In principle, because the exact distribution represents all the information available, provided your model is reasonable, that distribution is the most powerful measure of your observed statistic.

Although you require less information to estimate the parameters of a known distribution, than to describe an unknown one, you still need a clear idea which known distribution (if any) your results represent.

If you are not certain what distribution your statistic represents, your inference is based upon supposition not information.

 

 

Resampling data can mimic the effect of intrinsic variation (within a given set of values) upon their summary statistic's value. Lacking any better information about how observations 'should' be distributed, resampling allows you to make the best use of the information at hand. Resampling methods do this by assuming that the variation of your sample statistic results from random selection among the available observations as represented within your sample. But when those values cannot reasonably be interchanged resampling is, AT VERY BEST, an approximation - indeed, if some assignments are more likely than others, random resampling can be a highly misleading approximation.

Resampling allows you considerable scope in choosing which sample statistic to be test. Although resampling techniques are computationally intensive, they have minimal assumptions, and minimal mathematics. As a result, they are much easier to understand, and allow you to concentrate upon what you are testing, rather than how to do it.

All resampling methods assume:
  1. Treatments were randomly allocated, or observations were randomly selected.
      In practice it is much easier to randomly allocate treatments than to randomly select observations. Therefore the former assumption is considerably stronger.
  2. Your sample is sufficiently large that resampling can adequately estimate how your statistic is distributed.
      Resampling techniques obtain all their information on how your statistics are distributed from the observations within your sample. For unbiased results you usually require at least 30 observations, and preferably more than 100.
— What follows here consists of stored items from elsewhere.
lemma travel_increment_le:
  assumes "0 \<le> \<beta>" "2 * \<tau> < t"
  shows "travel t - travel (t - \<tau>)
           \<le> integral {t - \<tau>..t} (\<lambda>s. F_fun \<beta> \<tau> N x x' (s - \<tau>)) + \<tau> * (travel t - travel (t - 2 * \<tau>))"
proof -
  define C where "C = travel t - travel (t - 2 * \<tau>)"
  have t: "0 \<le> t - 2 * \<tau>" "0 \<le> t - \<tau>" "t - \<tau> \<le> t"
    using assms tau_nonneg by auto
  have "continuous_on {t - \<tau>..t} (\<lambda>s. F_fun \<beta> \<tau> N x x' (s - \<tau>))"
    using t by (intro continuous_on_compose2[OF continuous_on_F_fun[of t]] continuous_intros) auto
  then have F_int: "(\<lambda>s. F_fun \<beta> \<tau> N x x' (s - \<tau>)) integrable_on {t - \<tau>..t}"
    by (rule integrable_continuous_interval)
  have "travel t - travel (t - \<tau>) = integral {t - \<tau>..t} max_speed"
    using t by (simp add: integral_max_speed)
  also have "\<dots> \<le> integral {t - \<tau>..t} (\<lambda>s. F_fun \<beta> \<tau> N x x' (s - \<tau>) + C)"
  proof (rule integral_le[OF max_speed_integrable[OF t(2)] integrable_add[OF F_int integrable_const_ivl]])
    fix s assume s: "s \<in> {t - \<tau>..t}"
    have "max_speed s \<le> diam (s - \<tau>) + (travel s - travel (s - \<tau>))"
      using s assms tau_nonneg by (intro max_speed_le) auto
    moreover have "diam (s - \<tau>) \<le> F_fun \<beta> \<tau> N x x' (s - \<tau>)"
      using assms(1) by (rule diam_le_F_fun)
    moreover have "travel s \<le> travel t" "travel (t - 2 * \<tau>) \<le> travel (s - \<tau>)"
      using s t by (auto intro: travel_mono)
    ultimately show "max_speed s \<le> F_fun \<beta> \<tau> N x x' (s - \<tau>) + C"
      by (simp add: C_def)
  qed
  also have "\<dots> = integral {t - \<tau>..t} (\<lambda>s. F_fun \<beta> \<tau> N x x' (s - \<tau>)) + \<tau> * C"
    using t by (simp add: integral_add[OF F_int integrable_const_ivl])
  finally show ?thesis
    by (simp add: C_def)
qed

lemma F_fun_has_derivative_le:
  assumes \<beta>: "0 < \<beta>" "2 * \<beta> * exp (- 2 * \<tau>) - 4 * \<tau> - \<beta> \<ge> 0" and t: "2 * \<tau> < t"
    and diam_deriv: "(diam has_real_derivative D) (at t)"
    and diam_le: "D \<le> - real (N - 1) * weight_min t * diam t + 4 * (travel t - travel (t - \<tau>))"
  shows "\<exists>D'. (F_fun \<beta> \<tau> N x x' has_real_derivative D') (at t) \<and>
           D' \<le> 4 * integral {t - \<tau>..t} (\<lambda>s. F_fun \<beta> \<tau> N x x' (s - \<tau>))
                - real (N - 1) * weight_min t * F_fun \<beta> \<tau> N x x' t
                + \<beta> * (1 - exp (- 2 * \<tau>)) * F_fun \<beta> \<tau> N x x' (t - \<tau>)"
proof (intro exI conjI)
  define e where "e = exp (- 2 * \<tau>)"
  define dM1 where "dM1 = travel t - travel (t - \<tau>)"
  define dM2 where "dM2 = travel t - travel (t - 2 * \<tau>)"
  define a where "a = real (N - 1) * weight_min t"
  show "(F_fun \<beta> \<tau> N x x' has_real_derivative
      D + \<beta> * ((1 - e) * max_speed t - memory t - e * dM2)) (at t)"
    unfolding F_fun_eq e_def dM2_def by (intro DERIV_add DERIV_cmult diam_deriv memory_has_derivative t)
  have D_le: "D \<le> - a * diam t + 4 * dM1"
    using diam_le by (simp add: a_def dM1_def)
  have e: "0 < e" "e \<le> 1"
    using tau_nonneg by (auto simp: e_def)
  have dM: "0 \<le> dM1" "dM1 \<le> dM2"
    using t tau_nonneg travel_mono[of "t - \<tau>" t] travel_mono[of "t - 2 * \<tau>" "t - \<tau>"]
    by (auto simp: dM1_def dM2_def)
  have a: "0 \<le> a" "a \<le> 1"
    using weight_min_nonneg weight_min_le_inverse by (auto simp: a_def)
  have speed: "max_speed t \<le> F_fun \<beta> \<tau> N x x' (t - \<tau>) + dM1"
    using max_speed_le[of t] diam_le_F_fun[of \<beta> "t - \<tau>"] t \<beta>(1) tau_nonneg by (simp add: dM1_def)
  have increment: "dM1 \<le> integral {t - \<tau>..t} (\<lambda>s. F_fun \<beta> \<tau> N x x' (s - \<tau>)) + \<tau> * dM2"
    unfolding dM1_def dM2_def using \<beta>(1) t by (intro travel_increment_le) auto
  have speed_term: "\<beta> * (1 - e) * max_speed t \<le> \<beta> * (1 - e) * (F_fun \<beta> \<tau> N x x' (t - \<tau>) + dM1)"
    using speed e \<beta> by (intro mult_left_mono) auto
  have memory_term: "a * (\<beta> * memory t) \<le> \<beta> * memory t"
    using a \<beta> memory_nonneg[of t] by (intro mult_left_le_one_le) auto
  have increment_term: "\<beta> * (1 - e) * dM1 \<le> \<beta> * (1 - e) * dM2"
    using dM e \<beta> by (intro mult_left_mono) auto
  \<comment> \<open>the hypothesis on \<beta> makes the net coefficient of dM2 nonpositive\<close>
  have beta_term: "dM2 * (4 * \<tau> + \<beta> - 2 * \<beta> * e) \<le> 0"
    using dM \<beta> by (intro mult_nonneg_nonpos) (auto simp: e_def)
  show "D + \<beta> * ((1 - e) * max_speed t - memory t - e * dM2)
      \<le> 4 * integral {t - \<tau>..t} (\<lambda>s. F_fun \<beta> \<tau> N x x' (s - \<tau>))
        - real (N - 1) * weight_min t * F_fun \<beta> \<tau> N x x' t
        + \<beta> * (1 - exp (- 2 * \<tau>)) * F_fun \<beta> \<tau> N x x' (t - \<tau>)"
    using D_le increment speed_term memory_term increment_term beta_term
    unfolding a_def[symmetric] e_def[symmetric]
    by (simp add: F_fun_eq algebra_simps)
qed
Surprisingly, whilst resampling methods sometimes make assumptions about how your statistic is distributed, they do not make any assumptions about the distribution of whatever population your sample might, or might not represent. To avoid making such assumptions, you must have enough information.

Here we describe two methods of resampling observations, bootstrapping and resampling. Which of these is most appropriate to your data, depends upon how your observations were made.

  • Randomization, or resampling without replacement, assumes you are sampling an appreciable proportion of a finite population, so the each observation has a marked influence on the outcome of the next. Randomization is particularly useful in analyzing experimental results.
  • Bootstrapping, or resampling with replacement, assumes that the result of one observation does not affect the results of those you make subsequently. In other words it assumes your sample population is infinite, or effectively so. For example, bootstrapping would be appropriate for surveys, where only a small proportion were sampled.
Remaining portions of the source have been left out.